Exercise materials:
· · · · · · ·

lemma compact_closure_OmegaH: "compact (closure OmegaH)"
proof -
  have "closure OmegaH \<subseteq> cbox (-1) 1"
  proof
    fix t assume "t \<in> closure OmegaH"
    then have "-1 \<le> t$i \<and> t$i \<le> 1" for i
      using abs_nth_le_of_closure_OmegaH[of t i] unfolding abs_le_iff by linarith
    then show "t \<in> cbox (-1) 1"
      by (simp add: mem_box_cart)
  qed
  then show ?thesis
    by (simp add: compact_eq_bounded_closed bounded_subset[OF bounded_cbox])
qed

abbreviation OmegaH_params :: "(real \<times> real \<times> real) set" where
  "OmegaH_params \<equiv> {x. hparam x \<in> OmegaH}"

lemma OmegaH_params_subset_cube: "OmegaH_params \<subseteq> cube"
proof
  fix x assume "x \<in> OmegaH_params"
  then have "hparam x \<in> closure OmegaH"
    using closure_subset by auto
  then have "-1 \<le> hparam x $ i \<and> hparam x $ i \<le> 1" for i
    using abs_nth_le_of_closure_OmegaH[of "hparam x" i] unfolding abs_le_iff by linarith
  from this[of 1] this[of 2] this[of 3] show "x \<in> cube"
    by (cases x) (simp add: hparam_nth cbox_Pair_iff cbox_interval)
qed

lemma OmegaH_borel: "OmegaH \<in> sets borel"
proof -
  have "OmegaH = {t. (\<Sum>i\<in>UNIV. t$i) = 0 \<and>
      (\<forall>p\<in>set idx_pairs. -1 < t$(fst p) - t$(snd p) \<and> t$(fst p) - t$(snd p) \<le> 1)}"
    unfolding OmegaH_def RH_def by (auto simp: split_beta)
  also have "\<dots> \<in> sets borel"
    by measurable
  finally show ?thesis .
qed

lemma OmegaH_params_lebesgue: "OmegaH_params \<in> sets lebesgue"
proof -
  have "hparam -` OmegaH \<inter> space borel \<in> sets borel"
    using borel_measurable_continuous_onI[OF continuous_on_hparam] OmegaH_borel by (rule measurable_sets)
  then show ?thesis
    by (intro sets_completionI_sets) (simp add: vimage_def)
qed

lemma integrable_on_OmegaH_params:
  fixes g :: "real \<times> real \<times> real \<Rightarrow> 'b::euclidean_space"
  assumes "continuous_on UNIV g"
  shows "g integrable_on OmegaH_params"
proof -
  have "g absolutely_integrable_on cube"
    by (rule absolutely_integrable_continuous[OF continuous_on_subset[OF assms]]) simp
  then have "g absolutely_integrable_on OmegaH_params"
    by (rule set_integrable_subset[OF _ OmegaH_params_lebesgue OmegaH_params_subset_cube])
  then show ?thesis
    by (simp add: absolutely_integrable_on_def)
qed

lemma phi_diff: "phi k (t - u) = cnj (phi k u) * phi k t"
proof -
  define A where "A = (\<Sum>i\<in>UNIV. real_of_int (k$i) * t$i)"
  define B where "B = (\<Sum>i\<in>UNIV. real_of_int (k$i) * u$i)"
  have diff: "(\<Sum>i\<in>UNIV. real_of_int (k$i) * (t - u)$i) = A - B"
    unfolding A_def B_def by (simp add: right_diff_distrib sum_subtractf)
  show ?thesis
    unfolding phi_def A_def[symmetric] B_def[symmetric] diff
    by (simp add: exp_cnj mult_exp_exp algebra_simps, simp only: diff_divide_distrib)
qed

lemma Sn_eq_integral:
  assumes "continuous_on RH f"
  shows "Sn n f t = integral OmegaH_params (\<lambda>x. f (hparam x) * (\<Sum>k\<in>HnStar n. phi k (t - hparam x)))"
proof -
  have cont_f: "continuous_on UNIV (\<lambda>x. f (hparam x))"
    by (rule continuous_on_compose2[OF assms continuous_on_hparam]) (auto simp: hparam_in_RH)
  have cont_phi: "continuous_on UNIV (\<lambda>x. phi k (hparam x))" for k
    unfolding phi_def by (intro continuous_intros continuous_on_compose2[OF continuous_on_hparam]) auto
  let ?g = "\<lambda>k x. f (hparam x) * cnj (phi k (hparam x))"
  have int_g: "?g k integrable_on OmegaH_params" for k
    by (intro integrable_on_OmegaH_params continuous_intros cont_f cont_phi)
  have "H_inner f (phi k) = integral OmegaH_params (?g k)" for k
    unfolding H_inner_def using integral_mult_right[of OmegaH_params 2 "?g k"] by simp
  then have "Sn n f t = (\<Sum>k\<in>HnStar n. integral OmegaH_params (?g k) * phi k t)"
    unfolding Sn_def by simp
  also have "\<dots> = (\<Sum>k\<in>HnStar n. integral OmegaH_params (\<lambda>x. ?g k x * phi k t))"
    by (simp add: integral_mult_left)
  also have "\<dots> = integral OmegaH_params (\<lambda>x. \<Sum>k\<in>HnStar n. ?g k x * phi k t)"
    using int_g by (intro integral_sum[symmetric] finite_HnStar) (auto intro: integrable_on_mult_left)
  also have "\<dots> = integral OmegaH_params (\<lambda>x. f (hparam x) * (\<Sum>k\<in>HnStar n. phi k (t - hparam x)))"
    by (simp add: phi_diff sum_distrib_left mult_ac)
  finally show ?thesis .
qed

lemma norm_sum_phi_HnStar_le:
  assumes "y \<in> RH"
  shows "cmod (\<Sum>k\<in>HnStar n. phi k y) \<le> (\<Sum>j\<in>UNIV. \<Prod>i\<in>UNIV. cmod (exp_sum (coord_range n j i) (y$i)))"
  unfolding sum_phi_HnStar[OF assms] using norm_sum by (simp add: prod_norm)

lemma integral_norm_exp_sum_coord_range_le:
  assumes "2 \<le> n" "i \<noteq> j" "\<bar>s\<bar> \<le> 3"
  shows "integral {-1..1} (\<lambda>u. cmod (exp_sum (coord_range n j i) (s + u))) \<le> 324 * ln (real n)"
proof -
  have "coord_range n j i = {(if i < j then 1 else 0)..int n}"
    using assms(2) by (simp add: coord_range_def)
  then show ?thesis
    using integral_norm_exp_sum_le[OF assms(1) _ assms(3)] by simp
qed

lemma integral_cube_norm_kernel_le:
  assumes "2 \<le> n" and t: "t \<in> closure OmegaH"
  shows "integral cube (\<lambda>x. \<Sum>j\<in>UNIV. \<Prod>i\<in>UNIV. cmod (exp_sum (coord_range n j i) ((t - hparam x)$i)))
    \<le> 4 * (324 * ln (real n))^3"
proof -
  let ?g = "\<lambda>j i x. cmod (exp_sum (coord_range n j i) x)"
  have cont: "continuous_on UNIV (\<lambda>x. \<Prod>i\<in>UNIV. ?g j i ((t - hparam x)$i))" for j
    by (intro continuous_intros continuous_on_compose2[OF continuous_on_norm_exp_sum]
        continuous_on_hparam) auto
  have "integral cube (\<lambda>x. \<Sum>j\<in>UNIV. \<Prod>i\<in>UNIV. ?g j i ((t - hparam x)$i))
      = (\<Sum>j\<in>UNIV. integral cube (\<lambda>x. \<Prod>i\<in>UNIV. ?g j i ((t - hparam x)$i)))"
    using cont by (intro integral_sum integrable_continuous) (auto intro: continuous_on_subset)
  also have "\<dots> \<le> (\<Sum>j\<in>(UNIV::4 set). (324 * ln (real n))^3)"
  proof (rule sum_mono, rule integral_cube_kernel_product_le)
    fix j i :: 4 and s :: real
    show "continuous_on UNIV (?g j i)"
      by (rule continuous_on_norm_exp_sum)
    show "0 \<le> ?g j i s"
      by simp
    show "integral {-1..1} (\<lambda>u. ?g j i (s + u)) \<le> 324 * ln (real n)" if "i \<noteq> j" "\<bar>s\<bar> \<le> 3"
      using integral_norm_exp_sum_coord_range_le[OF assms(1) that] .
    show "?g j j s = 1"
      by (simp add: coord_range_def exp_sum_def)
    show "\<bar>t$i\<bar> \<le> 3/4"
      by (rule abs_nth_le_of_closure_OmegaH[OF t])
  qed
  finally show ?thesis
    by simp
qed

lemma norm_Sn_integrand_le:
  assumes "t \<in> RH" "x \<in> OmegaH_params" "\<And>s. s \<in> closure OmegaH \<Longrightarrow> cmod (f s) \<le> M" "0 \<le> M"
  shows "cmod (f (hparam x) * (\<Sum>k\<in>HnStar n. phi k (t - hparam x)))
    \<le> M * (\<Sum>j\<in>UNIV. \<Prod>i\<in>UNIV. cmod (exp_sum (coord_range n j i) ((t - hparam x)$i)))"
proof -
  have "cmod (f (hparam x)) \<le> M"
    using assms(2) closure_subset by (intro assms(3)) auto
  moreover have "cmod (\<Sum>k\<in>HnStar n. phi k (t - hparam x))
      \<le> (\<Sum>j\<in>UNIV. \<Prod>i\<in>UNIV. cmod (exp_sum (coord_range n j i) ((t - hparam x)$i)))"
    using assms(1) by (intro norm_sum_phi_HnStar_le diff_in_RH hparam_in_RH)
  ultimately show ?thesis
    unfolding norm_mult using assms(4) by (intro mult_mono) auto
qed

· · · · · · ·

Directions for this task: Please retype the data exactly as it stands, from its first line down to the line that contains "real \<times> real)", then stop.

Solution for this exercise:
lemma compact_closure_OmegaH: "compact (closure OmegaH)"
proof -
  have "closure OmegaH \<subseteq> cbox (-1) 1"
  proof
    fix t assume "t \<in> closure OmegaH"
    then have "-1 \<le> t$i \<and> t$i \<le> 1" for i
      using abs_nth_le_of_closure_OmegaH[of t i] unfolding abs_le_iff by linarith
    then show "t \<in> cbox (-1) 1"
      by (simp add: mem_box_cart)
  qed
  then show ?thesis
    by (simp add: compact_eq_bounded_closed bounded_subset[OF bounded_cbox])
qed

abbreviation OmegaH_params :: "(real \<times> real \<times> real) set" where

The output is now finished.